_GOAL OF THE EXERCISE_. From the data below, retype exactly the lines starting with the one that contains "by (simp add: power_mult_distrib" and ending with the one that contains "real \<Rightarrow> real \<Rightarrow> real \<Rightarrow>", both included.

Stored data entries:
* * * * *
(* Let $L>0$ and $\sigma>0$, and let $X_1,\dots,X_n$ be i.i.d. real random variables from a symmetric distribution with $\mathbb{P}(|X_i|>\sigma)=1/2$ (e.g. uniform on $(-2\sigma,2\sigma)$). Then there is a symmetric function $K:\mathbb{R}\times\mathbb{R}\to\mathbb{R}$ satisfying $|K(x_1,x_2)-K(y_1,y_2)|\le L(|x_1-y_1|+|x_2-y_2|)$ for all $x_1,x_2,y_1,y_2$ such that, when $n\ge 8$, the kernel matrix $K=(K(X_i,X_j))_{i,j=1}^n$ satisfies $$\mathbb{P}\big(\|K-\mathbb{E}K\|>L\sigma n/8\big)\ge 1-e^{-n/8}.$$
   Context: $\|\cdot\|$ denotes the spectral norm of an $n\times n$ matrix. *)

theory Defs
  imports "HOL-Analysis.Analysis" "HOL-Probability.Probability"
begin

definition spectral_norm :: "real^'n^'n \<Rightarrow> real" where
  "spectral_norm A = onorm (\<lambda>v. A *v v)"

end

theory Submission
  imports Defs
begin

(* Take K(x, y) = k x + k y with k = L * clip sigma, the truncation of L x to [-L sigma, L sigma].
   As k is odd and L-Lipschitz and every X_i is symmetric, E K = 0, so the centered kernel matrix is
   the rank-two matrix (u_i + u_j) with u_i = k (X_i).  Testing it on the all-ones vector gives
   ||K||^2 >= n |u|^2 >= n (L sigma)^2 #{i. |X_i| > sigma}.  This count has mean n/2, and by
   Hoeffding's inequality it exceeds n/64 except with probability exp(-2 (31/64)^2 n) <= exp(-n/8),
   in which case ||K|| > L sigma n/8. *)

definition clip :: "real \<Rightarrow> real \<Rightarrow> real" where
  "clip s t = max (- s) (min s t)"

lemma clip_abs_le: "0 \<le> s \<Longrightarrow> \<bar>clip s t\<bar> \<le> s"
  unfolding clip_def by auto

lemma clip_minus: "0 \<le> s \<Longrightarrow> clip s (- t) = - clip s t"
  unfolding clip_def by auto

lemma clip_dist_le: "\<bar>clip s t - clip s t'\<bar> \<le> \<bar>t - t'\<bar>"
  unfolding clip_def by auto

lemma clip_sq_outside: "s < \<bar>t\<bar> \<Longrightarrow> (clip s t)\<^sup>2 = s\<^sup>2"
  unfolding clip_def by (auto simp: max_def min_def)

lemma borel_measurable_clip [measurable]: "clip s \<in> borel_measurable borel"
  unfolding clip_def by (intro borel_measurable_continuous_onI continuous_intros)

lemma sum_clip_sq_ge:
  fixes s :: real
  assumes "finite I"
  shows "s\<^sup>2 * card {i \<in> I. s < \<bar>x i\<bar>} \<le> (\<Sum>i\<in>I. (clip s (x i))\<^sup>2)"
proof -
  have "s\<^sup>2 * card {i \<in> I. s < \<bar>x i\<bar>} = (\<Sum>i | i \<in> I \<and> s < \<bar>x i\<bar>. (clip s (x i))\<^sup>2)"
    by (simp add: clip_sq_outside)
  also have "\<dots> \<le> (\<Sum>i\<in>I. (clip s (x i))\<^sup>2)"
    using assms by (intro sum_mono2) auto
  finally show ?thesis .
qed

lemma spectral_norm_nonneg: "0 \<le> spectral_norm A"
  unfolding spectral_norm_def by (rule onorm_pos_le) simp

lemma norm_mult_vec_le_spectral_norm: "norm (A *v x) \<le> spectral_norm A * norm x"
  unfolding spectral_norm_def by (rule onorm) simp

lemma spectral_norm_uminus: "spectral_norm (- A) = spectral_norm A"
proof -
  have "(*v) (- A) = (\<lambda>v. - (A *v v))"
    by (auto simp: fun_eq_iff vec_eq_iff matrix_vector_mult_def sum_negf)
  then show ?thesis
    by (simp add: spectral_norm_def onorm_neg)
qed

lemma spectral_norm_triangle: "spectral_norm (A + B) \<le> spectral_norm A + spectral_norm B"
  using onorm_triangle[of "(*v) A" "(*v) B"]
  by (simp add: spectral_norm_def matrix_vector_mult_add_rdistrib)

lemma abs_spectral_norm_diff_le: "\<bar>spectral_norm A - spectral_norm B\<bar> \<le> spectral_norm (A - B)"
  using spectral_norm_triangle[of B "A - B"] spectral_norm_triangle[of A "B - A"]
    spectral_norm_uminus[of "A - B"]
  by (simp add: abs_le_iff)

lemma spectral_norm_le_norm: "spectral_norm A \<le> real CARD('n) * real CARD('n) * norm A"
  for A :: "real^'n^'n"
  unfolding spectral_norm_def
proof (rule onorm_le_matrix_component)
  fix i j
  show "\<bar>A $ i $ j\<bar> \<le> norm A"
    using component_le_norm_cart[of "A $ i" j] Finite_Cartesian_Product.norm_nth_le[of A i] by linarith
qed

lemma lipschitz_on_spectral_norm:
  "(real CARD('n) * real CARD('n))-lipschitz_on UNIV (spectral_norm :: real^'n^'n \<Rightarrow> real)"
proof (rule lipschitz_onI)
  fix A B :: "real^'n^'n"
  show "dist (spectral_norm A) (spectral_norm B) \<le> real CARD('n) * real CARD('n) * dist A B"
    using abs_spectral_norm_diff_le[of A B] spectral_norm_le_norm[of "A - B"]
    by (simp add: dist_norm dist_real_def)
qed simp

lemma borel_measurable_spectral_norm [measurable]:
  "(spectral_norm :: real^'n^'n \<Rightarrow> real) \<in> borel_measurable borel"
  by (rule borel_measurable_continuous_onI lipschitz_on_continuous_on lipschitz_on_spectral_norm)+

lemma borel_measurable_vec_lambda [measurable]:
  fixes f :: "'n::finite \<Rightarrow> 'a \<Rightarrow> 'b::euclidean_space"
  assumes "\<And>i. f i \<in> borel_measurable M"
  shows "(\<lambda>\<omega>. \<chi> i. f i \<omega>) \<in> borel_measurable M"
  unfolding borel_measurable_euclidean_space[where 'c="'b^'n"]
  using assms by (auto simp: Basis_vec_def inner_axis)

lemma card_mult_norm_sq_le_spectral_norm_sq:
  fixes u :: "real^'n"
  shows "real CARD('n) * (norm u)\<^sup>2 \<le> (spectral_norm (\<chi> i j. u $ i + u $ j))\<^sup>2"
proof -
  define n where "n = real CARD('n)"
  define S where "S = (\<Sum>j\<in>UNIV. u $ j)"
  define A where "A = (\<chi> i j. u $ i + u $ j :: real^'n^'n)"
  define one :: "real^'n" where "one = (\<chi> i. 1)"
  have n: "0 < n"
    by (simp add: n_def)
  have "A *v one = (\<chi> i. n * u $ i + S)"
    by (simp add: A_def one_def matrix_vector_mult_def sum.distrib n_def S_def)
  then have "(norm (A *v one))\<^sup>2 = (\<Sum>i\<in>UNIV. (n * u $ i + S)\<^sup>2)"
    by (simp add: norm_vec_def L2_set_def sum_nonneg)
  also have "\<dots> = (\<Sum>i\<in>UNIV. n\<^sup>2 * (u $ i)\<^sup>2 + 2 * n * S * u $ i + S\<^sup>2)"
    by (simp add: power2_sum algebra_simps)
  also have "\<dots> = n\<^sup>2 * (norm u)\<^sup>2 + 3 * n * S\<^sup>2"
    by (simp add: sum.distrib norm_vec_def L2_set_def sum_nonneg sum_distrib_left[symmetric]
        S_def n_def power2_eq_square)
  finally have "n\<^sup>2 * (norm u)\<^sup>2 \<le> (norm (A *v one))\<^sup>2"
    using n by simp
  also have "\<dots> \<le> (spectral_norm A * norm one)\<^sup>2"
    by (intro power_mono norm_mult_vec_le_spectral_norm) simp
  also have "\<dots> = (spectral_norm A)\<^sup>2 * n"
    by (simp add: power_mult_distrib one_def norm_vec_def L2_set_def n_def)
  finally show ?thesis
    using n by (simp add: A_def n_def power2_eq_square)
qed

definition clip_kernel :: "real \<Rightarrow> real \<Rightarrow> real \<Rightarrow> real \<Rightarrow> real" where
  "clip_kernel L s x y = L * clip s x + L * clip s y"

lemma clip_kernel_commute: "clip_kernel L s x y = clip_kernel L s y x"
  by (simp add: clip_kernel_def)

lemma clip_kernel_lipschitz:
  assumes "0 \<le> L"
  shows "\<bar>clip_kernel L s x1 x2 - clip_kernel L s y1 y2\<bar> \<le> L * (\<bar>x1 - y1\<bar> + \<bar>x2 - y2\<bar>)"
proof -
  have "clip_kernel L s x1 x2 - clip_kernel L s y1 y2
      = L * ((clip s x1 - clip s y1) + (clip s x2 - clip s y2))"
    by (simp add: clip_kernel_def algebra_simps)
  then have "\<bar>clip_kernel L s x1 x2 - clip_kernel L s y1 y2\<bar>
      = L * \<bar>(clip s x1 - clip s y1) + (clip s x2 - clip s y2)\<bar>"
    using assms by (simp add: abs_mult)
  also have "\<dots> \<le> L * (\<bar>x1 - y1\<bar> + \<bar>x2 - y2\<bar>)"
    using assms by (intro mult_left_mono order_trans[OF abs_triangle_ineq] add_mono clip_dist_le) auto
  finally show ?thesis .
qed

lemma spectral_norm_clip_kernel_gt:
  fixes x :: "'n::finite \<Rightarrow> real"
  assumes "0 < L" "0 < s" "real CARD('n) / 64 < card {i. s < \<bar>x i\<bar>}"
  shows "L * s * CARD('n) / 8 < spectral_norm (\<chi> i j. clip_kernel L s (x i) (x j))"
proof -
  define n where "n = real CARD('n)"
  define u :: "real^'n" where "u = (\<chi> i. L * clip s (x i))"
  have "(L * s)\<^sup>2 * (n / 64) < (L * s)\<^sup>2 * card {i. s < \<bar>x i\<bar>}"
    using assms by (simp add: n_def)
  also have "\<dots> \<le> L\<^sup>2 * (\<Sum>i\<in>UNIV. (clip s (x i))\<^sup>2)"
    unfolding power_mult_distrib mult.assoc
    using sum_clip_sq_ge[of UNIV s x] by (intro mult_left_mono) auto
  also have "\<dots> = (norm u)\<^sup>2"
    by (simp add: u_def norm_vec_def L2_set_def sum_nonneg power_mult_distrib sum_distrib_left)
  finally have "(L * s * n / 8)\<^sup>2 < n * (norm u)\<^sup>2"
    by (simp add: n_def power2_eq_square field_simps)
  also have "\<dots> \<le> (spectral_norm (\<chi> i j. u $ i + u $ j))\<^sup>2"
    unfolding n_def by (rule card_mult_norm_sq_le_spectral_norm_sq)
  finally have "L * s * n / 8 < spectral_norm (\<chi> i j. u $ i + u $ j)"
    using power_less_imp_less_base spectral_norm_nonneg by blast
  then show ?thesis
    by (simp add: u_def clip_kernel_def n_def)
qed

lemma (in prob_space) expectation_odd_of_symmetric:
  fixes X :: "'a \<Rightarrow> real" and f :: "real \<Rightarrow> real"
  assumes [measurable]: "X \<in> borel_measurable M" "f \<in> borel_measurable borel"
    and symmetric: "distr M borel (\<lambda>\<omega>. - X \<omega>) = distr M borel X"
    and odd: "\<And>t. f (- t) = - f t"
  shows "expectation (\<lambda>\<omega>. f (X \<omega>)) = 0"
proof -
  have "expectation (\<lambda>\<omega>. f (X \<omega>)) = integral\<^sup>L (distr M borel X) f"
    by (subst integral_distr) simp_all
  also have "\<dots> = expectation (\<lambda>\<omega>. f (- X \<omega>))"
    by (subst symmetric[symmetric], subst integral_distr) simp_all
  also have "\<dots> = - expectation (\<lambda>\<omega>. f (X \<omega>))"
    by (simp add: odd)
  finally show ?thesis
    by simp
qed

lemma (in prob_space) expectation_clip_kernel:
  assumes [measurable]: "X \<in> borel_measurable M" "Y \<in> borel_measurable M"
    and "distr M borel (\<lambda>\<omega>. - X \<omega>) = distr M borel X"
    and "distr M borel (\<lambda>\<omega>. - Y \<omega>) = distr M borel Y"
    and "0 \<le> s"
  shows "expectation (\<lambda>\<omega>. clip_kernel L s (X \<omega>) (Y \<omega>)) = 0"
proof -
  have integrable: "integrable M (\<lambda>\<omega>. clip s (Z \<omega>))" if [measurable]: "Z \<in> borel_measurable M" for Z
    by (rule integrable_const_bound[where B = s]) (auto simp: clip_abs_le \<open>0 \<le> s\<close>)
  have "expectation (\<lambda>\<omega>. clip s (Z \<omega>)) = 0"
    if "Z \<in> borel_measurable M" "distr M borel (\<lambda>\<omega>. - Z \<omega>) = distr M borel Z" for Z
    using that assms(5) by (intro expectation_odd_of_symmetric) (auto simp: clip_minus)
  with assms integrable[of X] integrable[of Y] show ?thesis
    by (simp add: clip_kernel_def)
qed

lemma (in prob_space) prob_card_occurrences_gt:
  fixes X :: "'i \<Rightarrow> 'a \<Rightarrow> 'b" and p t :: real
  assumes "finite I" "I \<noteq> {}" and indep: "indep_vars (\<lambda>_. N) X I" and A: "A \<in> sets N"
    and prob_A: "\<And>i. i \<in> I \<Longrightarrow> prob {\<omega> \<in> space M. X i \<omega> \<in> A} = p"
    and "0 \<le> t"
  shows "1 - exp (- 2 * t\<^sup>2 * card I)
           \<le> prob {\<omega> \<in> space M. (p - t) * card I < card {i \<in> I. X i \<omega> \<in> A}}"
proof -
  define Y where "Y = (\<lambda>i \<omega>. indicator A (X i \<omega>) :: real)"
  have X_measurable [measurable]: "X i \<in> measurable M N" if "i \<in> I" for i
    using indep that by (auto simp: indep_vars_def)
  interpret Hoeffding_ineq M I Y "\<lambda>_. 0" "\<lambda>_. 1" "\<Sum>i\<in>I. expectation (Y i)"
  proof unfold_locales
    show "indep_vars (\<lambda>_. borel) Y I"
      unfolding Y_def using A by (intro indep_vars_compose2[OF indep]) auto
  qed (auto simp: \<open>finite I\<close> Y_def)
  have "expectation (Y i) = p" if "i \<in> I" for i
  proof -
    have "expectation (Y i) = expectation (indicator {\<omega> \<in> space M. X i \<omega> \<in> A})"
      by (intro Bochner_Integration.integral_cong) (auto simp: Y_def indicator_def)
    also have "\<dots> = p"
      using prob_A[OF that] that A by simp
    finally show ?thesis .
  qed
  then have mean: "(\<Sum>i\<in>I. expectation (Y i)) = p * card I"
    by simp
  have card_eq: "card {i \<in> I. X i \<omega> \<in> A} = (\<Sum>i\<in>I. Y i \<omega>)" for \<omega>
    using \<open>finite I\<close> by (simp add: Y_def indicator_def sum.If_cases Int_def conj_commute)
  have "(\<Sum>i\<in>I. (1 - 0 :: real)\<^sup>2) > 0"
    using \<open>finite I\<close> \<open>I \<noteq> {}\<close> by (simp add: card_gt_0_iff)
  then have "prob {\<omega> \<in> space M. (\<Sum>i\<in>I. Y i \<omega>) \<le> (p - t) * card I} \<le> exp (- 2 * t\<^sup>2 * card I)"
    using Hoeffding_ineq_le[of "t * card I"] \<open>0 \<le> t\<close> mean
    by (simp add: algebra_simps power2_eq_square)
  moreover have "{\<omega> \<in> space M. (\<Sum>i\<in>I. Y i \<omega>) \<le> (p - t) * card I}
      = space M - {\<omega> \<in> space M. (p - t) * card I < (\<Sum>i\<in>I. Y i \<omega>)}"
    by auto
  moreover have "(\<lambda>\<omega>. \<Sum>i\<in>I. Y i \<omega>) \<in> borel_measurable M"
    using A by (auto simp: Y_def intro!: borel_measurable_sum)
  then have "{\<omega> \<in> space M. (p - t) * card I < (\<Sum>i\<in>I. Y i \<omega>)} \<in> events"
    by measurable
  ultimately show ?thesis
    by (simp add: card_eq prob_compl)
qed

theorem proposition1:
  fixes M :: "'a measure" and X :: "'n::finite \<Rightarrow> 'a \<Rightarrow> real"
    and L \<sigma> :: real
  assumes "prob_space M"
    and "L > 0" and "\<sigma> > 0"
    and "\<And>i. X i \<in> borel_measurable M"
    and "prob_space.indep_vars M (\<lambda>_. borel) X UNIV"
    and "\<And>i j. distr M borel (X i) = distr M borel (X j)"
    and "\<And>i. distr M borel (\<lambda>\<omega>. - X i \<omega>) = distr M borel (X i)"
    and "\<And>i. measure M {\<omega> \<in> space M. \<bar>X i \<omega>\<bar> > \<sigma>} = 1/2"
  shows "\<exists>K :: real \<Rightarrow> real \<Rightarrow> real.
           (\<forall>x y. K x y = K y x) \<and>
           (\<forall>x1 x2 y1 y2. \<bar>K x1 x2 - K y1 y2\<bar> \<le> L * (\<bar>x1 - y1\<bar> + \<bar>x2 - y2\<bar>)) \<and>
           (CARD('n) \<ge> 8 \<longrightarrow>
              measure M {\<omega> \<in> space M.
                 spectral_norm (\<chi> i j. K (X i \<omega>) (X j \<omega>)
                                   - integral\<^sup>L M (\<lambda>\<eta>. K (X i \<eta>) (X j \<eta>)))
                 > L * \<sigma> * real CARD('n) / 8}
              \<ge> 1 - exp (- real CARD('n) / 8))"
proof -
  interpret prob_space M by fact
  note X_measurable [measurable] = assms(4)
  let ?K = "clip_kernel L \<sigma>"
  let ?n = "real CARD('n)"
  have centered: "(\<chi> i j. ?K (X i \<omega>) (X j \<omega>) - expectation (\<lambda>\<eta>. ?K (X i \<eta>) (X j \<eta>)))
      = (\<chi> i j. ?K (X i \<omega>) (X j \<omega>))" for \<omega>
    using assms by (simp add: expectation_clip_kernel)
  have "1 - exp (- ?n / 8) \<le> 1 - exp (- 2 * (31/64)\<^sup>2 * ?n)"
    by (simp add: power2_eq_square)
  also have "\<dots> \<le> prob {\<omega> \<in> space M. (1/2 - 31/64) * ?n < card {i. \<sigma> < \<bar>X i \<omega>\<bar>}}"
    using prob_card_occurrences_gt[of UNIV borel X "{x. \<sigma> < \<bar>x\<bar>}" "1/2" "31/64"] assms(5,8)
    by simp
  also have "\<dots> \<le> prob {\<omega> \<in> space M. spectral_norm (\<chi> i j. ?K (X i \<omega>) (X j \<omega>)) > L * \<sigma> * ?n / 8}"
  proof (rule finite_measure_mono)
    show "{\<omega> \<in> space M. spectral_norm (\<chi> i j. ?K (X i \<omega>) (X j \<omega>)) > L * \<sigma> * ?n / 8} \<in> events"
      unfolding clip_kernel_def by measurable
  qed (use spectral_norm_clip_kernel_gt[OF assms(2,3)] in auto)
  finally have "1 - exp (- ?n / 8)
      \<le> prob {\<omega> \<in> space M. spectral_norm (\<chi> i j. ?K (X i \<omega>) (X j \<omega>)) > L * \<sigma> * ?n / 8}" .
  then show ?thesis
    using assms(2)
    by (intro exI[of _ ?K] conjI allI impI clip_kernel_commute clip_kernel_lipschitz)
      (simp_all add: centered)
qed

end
* * * * *
_ANSWER SECTION_.
    by (simp add: power_mult_distrib one_def norm_vec_def L2_set_def n_def)
  finally show ?thesis
    using n by (simp add: A_def n_def power2_eq_square)
qed

definition clip_kernel :: "real \<Rightarrow> real \<Rightarrow> real \<Rightarrow> real \<Rightarrow> real" where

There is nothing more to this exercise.